### ACTION ITEM
Identify and pull out each line of the entries in which "type" occurs.
[Opening EXERCISE MATERIAL section]
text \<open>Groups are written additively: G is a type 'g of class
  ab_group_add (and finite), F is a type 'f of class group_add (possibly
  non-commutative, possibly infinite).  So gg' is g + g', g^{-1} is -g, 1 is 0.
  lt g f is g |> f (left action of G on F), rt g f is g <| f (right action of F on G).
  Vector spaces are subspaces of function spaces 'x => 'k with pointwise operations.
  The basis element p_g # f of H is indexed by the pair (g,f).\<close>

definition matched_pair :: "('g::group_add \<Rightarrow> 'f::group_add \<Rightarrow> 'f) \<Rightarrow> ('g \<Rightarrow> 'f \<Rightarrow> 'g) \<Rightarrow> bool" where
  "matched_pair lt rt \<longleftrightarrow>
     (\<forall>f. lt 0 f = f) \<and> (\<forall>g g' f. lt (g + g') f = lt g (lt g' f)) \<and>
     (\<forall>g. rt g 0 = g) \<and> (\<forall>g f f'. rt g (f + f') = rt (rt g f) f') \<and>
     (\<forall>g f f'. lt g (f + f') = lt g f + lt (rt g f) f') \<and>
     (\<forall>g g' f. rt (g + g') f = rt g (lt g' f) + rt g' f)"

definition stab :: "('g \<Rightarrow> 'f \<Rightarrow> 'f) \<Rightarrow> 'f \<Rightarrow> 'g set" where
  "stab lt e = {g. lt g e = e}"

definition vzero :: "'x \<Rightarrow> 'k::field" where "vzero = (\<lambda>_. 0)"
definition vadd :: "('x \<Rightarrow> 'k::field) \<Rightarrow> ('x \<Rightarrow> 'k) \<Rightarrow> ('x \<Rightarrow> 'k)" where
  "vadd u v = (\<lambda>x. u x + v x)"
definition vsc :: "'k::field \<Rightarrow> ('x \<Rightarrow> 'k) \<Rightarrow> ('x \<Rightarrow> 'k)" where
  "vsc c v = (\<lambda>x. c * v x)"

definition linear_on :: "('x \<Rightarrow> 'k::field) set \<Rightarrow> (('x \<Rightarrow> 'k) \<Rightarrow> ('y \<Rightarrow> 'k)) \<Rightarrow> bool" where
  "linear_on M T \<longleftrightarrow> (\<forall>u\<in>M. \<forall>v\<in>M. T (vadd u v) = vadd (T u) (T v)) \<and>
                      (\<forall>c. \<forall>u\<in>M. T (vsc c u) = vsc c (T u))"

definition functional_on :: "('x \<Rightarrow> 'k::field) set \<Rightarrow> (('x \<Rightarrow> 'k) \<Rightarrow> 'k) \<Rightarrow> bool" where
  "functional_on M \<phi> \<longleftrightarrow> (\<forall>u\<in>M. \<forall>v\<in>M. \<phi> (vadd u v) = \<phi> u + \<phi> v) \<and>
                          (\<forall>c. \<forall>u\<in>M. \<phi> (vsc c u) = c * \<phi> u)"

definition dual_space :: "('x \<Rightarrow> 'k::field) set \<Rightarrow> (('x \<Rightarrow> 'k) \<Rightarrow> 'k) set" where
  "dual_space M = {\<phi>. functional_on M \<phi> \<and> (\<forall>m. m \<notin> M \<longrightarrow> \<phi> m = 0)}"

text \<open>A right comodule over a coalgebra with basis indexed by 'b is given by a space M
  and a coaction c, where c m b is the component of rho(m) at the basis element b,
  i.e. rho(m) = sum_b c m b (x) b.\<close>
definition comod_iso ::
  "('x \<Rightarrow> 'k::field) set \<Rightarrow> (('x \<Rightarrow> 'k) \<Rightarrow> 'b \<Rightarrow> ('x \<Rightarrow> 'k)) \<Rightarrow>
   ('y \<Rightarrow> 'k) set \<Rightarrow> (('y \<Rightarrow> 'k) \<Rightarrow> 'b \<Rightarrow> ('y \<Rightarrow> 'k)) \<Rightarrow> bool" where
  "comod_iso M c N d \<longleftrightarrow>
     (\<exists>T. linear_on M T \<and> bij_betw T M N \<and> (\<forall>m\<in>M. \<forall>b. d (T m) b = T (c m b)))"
[Closing EXERCISE MATERIAL section]
[Opening EXERCISE MATERIAL section]
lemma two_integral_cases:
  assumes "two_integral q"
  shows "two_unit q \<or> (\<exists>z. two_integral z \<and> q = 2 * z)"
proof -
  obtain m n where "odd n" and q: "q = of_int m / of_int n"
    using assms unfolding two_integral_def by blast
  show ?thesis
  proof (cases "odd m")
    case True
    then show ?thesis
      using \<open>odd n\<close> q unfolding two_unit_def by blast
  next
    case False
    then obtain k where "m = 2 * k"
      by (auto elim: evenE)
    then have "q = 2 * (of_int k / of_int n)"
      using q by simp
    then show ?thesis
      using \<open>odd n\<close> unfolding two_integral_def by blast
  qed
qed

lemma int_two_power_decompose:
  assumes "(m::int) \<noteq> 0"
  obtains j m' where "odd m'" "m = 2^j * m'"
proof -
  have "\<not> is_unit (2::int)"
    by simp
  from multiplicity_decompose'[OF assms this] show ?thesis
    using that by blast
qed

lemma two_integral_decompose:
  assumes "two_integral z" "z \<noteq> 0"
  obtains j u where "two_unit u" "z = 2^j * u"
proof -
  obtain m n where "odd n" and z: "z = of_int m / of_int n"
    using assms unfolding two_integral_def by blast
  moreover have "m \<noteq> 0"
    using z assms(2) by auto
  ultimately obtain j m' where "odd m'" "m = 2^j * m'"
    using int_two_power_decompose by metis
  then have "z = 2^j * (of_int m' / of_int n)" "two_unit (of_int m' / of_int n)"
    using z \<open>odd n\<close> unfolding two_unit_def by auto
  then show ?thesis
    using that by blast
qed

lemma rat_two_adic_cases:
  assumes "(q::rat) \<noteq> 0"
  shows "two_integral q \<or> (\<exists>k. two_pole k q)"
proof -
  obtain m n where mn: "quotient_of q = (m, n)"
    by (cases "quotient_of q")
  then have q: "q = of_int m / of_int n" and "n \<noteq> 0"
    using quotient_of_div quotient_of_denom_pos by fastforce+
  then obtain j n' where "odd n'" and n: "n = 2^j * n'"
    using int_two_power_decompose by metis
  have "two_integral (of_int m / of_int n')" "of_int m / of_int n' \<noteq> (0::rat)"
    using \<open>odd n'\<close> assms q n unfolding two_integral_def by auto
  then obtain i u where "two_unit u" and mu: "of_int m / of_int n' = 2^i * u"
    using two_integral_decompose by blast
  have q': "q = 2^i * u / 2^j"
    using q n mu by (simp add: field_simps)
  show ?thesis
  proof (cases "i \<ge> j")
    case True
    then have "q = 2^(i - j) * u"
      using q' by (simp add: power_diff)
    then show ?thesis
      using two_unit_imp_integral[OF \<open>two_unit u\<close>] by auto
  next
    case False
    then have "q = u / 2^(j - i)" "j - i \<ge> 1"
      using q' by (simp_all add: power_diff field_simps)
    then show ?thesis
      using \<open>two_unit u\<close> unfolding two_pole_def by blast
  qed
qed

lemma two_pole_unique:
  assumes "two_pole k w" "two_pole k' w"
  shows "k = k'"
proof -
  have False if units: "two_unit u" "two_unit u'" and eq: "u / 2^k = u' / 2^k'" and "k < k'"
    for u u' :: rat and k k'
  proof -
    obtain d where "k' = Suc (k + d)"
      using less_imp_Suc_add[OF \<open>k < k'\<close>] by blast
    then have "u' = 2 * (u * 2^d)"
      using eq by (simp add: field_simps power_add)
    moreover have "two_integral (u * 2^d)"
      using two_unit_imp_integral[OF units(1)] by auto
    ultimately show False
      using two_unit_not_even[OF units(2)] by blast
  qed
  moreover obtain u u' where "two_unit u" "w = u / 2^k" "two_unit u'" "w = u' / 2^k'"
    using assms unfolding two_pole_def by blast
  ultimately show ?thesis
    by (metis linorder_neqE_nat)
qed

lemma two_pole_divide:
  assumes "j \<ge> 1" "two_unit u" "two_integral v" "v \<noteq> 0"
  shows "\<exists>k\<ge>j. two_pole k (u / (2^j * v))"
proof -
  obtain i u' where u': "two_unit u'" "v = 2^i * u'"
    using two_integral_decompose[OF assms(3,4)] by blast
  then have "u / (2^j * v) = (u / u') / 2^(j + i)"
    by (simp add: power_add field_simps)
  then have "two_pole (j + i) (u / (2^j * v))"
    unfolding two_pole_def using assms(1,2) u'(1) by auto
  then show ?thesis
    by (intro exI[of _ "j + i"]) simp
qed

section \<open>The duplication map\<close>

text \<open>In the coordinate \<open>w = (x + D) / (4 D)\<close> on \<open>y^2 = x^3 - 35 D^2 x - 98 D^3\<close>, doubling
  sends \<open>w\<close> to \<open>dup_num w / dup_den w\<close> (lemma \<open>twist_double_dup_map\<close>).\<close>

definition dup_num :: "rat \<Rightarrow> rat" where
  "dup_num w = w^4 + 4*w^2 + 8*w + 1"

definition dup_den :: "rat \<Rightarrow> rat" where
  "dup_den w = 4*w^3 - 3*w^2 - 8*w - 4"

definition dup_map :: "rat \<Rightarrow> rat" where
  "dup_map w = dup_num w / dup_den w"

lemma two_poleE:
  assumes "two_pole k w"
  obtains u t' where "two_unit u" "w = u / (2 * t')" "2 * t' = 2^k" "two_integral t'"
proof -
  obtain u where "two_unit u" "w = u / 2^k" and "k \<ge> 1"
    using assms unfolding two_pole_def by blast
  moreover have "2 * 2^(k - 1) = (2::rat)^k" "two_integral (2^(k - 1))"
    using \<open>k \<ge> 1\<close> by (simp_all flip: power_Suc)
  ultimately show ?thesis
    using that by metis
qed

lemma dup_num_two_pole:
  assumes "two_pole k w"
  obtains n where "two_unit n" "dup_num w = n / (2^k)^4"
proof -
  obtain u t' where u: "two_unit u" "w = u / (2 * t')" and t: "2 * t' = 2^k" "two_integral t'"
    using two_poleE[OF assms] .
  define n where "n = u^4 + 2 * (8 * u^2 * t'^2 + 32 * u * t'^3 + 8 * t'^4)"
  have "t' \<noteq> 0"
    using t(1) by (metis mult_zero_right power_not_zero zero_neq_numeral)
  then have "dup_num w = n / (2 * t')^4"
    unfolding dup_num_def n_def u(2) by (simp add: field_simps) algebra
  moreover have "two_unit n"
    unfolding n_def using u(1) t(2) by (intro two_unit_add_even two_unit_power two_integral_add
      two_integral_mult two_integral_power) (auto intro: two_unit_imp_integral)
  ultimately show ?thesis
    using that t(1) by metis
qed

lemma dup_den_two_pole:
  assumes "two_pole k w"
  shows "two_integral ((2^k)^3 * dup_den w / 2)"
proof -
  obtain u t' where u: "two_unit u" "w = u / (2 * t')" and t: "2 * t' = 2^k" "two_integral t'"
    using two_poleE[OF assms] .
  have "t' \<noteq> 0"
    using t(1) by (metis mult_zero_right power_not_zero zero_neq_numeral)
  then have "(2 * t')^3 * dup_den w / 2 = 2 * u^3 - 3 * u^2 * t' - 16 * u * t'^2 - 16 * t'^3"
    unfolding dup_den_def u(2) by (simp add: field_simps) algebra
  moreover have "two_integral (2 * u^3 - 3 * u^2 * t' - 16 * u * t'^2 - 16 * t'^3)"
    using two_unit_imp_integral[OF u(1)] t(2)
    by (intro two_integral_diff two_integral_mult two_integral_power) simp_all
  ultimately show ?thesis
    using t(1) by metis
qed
[Closing EXERCISE MATERIAL section]
### ANSWER AREA
text \<open>Groups are written additively: G is a type 'g of class
  ab_group_add (and finite), F is a type 'f of class group_add (possibly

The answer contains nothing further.